** Stored items **
definition gproj :: "real \<Rightarrow> ((ec^'n) \<times> (ec^'n)) \<Rightarrow> ((ec^'n) \<times> (ec^'n)) \<Rightarrow> ((ec^'n) \<times> (ec^'n))" where
  "gproj e v u = escV e (ediv e (gam e u v) (gam e v v)) v"

text \<open>Pull-back Chern connection on U^M, for a section s of U^M (s p in the line C_eps phi(p)),
  in direction d/dz^i resp. d/dzbar^i.\<close>

definition covD :: "real \<Rightarrow> (ec^'n \<Rightarrow> (ec^'n) \<times> (ec^'n)) \<Rightarrow> 'n \<Rightarrow> (ec^'n \<Rightarrow> (ec^'n) \<times> (ec^'n)) \<Rightarrow> ec^'n \<Rightarrow> (ec^'n) \<times> (ec^'n)" where
  "covD e phi i s p = gproj e (phi p) (dz e i s p)"

definition covDbar :: "real \<Rightarrow> (ec^'n \<Rightarrow> (ec^'n) \<times> (ec^'n)) \<Rightarrow> 'n \<Rightarrow> (ec^'n \<Rightarrow> (ec^'n) \<times> (ec^'n)) \<Rightarrow> ec^'n \<Rightarrow> (ec^'n) \<times> (ec^'n)" where
  "covDbar e phi i s p = gproj e (phi p) (dzbar e i s p)"

definition gnorm :: "real \<Rightarrow> ((ec^'n) \<times> (ec^'n)) \<Rightarrow> real" where
  "gnorm e v = sqrt \<bar>fst (gam e v v)\<bar>"

definition unitsec :: "real \<Rightarrow> (ec^'n \<Rightarrow> (ec^'n) \<times> (ec^'n)) \<Rightarrow> ec^'n \<Rightarrow> (ec^'n) \<times> (ec^'n)" where
  "unitsec e phi p = (1 / gnorm e (phi p)) *\<^sub>R phi p"

text \<open>Local model of a conical eps-Kaehlerian Lagrangian holomorphic immersion, written in the
  conical special holomorphic coordinates z^i = z^i o phi on an open domain U.\<close>

definition conical_lagr_immersion ::
  "real \<Rightarrow> (ec^'n) set \<Rightarrow> (ec^'n \<Rightarrow> (ec^'n) \<times> (ec^'n)) \<Rightarrow> bool" where
  "conical_lagr_immersion e U phi \<longleftrightarrow> open U \<and>
     (\<forall>p\<in>U. fst (phi p) = p \<and> gam e (phi p) (phi p) \<noteq> 0 \<and>
       (\<exists>L. (phi has_derivative L) (at p) \<and>
            (\<forall>v. L (escN e ei v) = escV e ei (L v)) \<and>
            inj L \<and>
            phi p \<in> range L \<and>
            (\<forall>v w. Omega e (L v) (L w) = 0) \<and>
            (\<forall>v. v \<noteq> 0 \<longrightarrow> (\<exists>w. fst (gam e (L v) (L w)) \<noteq> 0))))"

end

theory Submission
  imports Defs
begin

text \<open>Since $\gamma(\phi,\phi)$ is real, $\phi_1 = N\phi$ with $N = |\gamma(\phi,\phi)|^{-1/2}$ and
  $dN = -N\,d\gamma(\phi,\phi)/(2\gamma(\phi,\phi))$. Holomorphy of $\phi$ gives
  $\partial_i\gamma(\phi,\phi) = \gamma(\partial_i\phi,\phi)$, $\partial_{\bar i}\phi = 0$ and
  $\partial_{\bar i}\gamma(\phi,\phi) = \overline{\gamma(\partial_i\phi,\phi)}$. Hence along $\partial_i$ the
  $dN$-term cancels half of the projection $N\gamma(\partial_i\phi,\phi)/\gamma(\phi,\phi)\,\phi$ of
  $N\partial_i\phi$, and along $\partial_{\bar i}$ only the $dN$-term, the conjugate half, survives.\<close>

lemma emul_scaleR_right: "emul e c (r *\<^sub>R x) = r *\<^sub>R emul e c x"
  by (simp add: emul_def algebra_simps)

lemma emul_real_right: "emul e c (g, 0) = g *\<^sub>R c"
  by (simp add: emul_def prod_eq_iff)

lemma emul_ei_cancel:
  assumes "e \<noteq> 0" and "emul e ei x = emul e ei y"
  shows "x = y"
  using assms by (simp add: emul_def ei_def prod_eq_iff)

lemma fst_emul_ei: "fst (emul e ei x) = e * snd x"
  by (simp add: emul_def ei_def)

lemma econj_emul_ei: "econj (emul e ei x) = - emul e ei (econj x)"
  by (simp add: emul_def ei_def econj_def)

lemma econj_scaleR: "econj (r *\<^sub>R x) = r *\<^sub>R econj x"
  by (simp add: econj_def)

lemma ediv_real_right: "ediv e x (g, 0) = (1 / g) *\<^sub>R x"
  by (simp add: ediv_def einv_def emul_def power2_eq_square prod_eq_iff zero_prod_def)

lemma emul_sum_right: "emul e c (sum f A) = (\<Sum>j\<in>A. emul e c (f j))"
  by (simp add: emul_def prod_eq_iff fst_sum snd_sum sum_distrib_left sum.distrib algebra_simps)

lemma econj_sum: "econj (sum f A) = (\<Sum>j\<in>A. econj (f j))"
  by (simp add: econj_def prod_eq_iff fst_sum snd_sum sum_negf)

lemma escV_scaleR: "escV e c (r *\<^sub>R u) = r *\<^sub>R escV e c u"
  by (auto simp: escV_def escN_def emul_def vec_eq_iff prod_eq_iff algebra_simps)

lemma escV_uminus_scalar: "escV e (- c) u = - escV e c u"
  by (auto simp: escV_def escN_def emul_def vec_eq_iff prod_eq_iff)

lemma escV_scaleR_scalar: "escV e (r *\<^sub>R c) u = r *\<^sub>R escV e c u"
  by (auto simp: escV_def escN_def emul_def vec_eq_iff prod_eq_iff algebra_simps)

lemma conjV_add: "conjV (u + v) = conjV u + conjV v"
  by (auto simp: conjV_def econj_def vec_eq_iff prod_eq_iff)

lemma conjV_scaleR: "conjV (r *\<^sub>R u) = r *\<^sub>R conjV u"
  by (auto simp: conjV_def econj_def vec_eq_iff prod_eq_iff)

lemma conjV_conjV: "conjV (conjV u) = u"
  by (auto simp: conjV_def econj_def vec_eq_iff prod_eq_iff)

lemma Omega_escV_left: "Omega e (escV e c u) v = emul e c (Omega e u v)"
  unfolding Omega_def
  by (subst emul_sum_right) (auto intro!: sum.cong simp: escV_def escN_def emul_def algebra_simps)

lemma Omega_antisym: "Omega e u v = - Omega e v u"
  unfolding Omega_def
  by (subst sum_negf[symmetric]) (auto intro!: sum.cong simp: emul_def algebra_simps)

lemma Omega_add_left: "Omega e (u + w) v = Omega e u v + Omega e w v"
  unfolding Omega_def
  by (subst sum.distrib[symmetric]) (auto intro!: sum.cong simp: emul_def algebra_simps)

lemma Omega_scaleR_left: "Omega e (r *\<^sub>R u) v = r *\<^sub>R Omega e u v"
  unfolding Omega_def
  by (subst scaleR_sum_right) (auto intro!: sum.cong simp: emul_def algebra_simps)

lemma econj_Omega: "econj (Omega e u v) = Omega e (conjV u) (conjV v)"
  unfolding Omega_def
  by (subst econj_sum) (auto intro!: sum.cong simp: econj_def conjV_def emul_def algebra_simps)

lemma gam_add_left: "gam e (u + w) v = gam e u v + gam e w v"
  by (simp add: gam_def Omega_add_left emul_def algebra_simps)

lemma gam_scaleR_left: "gam e (r *\<^sub>R u) v = r *\<^sub>R gam e u v"
  by (simp add: gam_def Omega_scaleR_left emul_def algebra_simps)

lemma gam_add_right: "gam e u (v + w) = gam e u v + gam e u w"
  by (simp add: gam_def conjV_add Omega_antisym[of e u] Omega_add_left emul_def algebra_simps)

lemma gam_scaleR_right: "gam e u (r *\<^sub>R v) = r *\<^sub>R gam e u v"
  by (simp add: gam_def conjV_scaleR Omega_antisym[of e u] Omega_scaleR_left emul_def algebra_simps)

lemma gam_diff_left: "gam e (u - w) v = gam e u v - gam e w v"
  using gam_add_left[of e u "(-1) *\<^sub>R w" v] gam_scaleR_left[of e "-1" w v] by simp

lemma gam_uminus_left: "gam e (- u) v = - gam e u v"
  using gam_scaleR_left[of e "-1" u v] by simp

lemma gam_escV_left: "gam e (escV e c u) v = emul e c (gam e u v)"
  by (simp add: gam_def Omega_escV_left emul_def algebra_simps)

lemma gam_hermitian: "gam e v u = econj (gam e u v)"
proof -
  have "econj (gam e u v) = emul e (econj ei) (econj (Omega e u (conjV v)))"
    by (simp add: gam_def emul_def econj_def)
  also have "econj (Omega e u (conjV v)) = - Omega e v (conjV u)"
    by (simp add: econj_Omega conjV_conjV Omega_antisym[of e "conjV u"])
  finally show ?thesis
    by (auto simp: gam_def emul_def econj_def ei_def)
qed

lemma gam_self_real: "gam e v v = (fst (gam e v v), 0)"
  using gam_hermitian[of e v v] by (simp add: econj_def prod_eq_iff)

lemma bounded_bilinear_gam: "bounded_bilinear (gam e)"
  unfolding bilinear_conv_bounded_bilinear[symmetric] bilinear_def
  by (intro conjI allI linearI) (simp_all add: gam_add_left gam_add_right gam_scaleR_left gam_scaleR_right)

lemma gam_unitsec_self:
  assumes "gam e (phi p) (phi p) = (g, 0)"
  shows "gam e (unitsec e phi p) (unitsec e phi p) = (sgn g, 0)"
proof -
  have "(1 / sqrt \<bar>g\<bar>) * (1 / sqrt \<bar>g\<bar>) * g = sgn g"
    by (cases "g = 0") (simp_all add: sgn_if abs_if field_simps)
  then show ?thesis
    using assms by (simp add: unitsec_def gnorm_def gam_scaleR_left gam_scaleR_right)
qed

lemma escV_cancel_on_line:
  assumes "gam e v v = (g, 0)" and "g \<noteq> 0" and "escV e c v = escV e c' v"
  shows "c = c'"
proof -
  have "g *\<^sub>R c = g *\<^sub>R c'"
    using arg_cong[OF assms(3), of "\<lambda>u. gam e u v"]
    by (simp add: gam_escV_left assms(1) emul_real_right)
  then show ?thesis using assms(2) by simp
qed

lemma gproj_real:
  assumes "gam e v v = (g, 0)"
  shows "gproj e v u = escV e ((1 / g) *\<^sub>R gam e u v) v"
  by (simp add: gproj_def assms ediv_real_right)

lemma has_real_derivative_inverse_sqrt_abs:
  fixes x :: real
  assumes "x \<noteq> 0"
  shows "((\<lambda>y. 1 / sqrt \<bar>y\<bar>) has_real_derivative - (1 / sqrt \<bar>x\<bar>) / (2 * x)) (at x)"
proof (cases "x > 0")
  case True
  have "((\<lambda>y. 1 / sqrt y) has_real_derivative - (1 / sqrt \<bar>x\<bar>) / (2 * x)) (at x)"
    using True by (auto intro!: derivative_eq_intros simp: field_simps)
  then show ?thesis
    by (rule has_field_derivative_transform_within_open[where S = "{0<..}"]) (use True in auto)
next
  case False
  with assms have "x < 0" by simp
  have "((\<lambda>y. 1 / sqrt (- y)) has_real_derivative - (1 / sqrt \<bar>x\<bar>) / (2 * x)) (at x)"
    using \<open>x < 0\<close> by (auto intro!: derivative_eq_intros simp: field_simps)
  then show ?thesis
    by (rule has_field_derivative_transform_within_open[where S = "{..<0}"]) (use \<open>x < 0\<close> in auto)
qed

lemma unitsec_has_derivative:
  assumes phi: "(phi has_derivative L) (at p)"
    and G: "gam e (phi p) (phi p) = (g, 0)" and "g \<noteq> 0"
  shows "(unitsec e phi has_derivative
           (\<lambda>h. (1 / sqrt \<bar>g\<bar>) *\<^sub>R (L h - (fst (gam e (L h) (phi p)) / g) *\<^sub>R phi p))) (at p)"
proof -
  let ?N = "\<lambda>q. fst (gam e (phi q) (phi q))"
  have "(?N has_derivative (\<lambda>h. fst (gam e (phi p) (L h) + gam e (L h) (phi p)))) (at p)"
    by (rule bounded_linear.has_derivative[OF bounded_linear_fst
          bounded_bilinear.FDERIV[OF bounded_bilinear_gam phi phi]])
  then have dN: "(?N has_derivative (\<lambda>h. 2 * fst (gam e (L h) (phi p)))) (at p)"
    by (simp add: gam_hermitian[of e "phi p"] econj_def)
  have "((\<lambda>y. 1 / sqrt \<bar>y\<bar>) has_derivative (\<lambda>y. y * (- (1 / sqrt \<bar>g\<bar>) / (2 * g)))) (at g)"
    using has_real_derivative_inverse_sqrt_abs[OF \<open>g \<noteq> 0\<close>] unfolding has_field_derivative_def
    by (rule has_derivative_eq_rhs) (simp add: fun_eq_iff)
  then have "((\<lambda>y. 1 / sqrt \<bar>y\<bar>) has_derivative (\<lambda>y. y * (- (1 / sqrt \<bar>g\<bar>) / (2 * g)))) (at (?N p))"
    by (simp add: G)
  from has_derivative_compose[OF dN this]
  have "((\<lambda>q. 1 / sqrt \<bar>?N q\<bar>) has_derivative
          (\<lambda>h. 2 * fst (gam e (L h) (phi p)) * (- (1 / sqrt \<bar>g\<bar>) / (2 * g)))) (at p)" .
  from has_derivative_scaleR[OF this phi] show ?thesis
    unfolding unitsec_def gnorm_def using G by (simp add: algebra_simps)
qed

** Your instructions **
Pull every line containing "this" out of the data above.

** Answer section **
  from has_derivative_compose[OF dN this]
  from has_derivative_scaleR[OF this phi] show ?thesis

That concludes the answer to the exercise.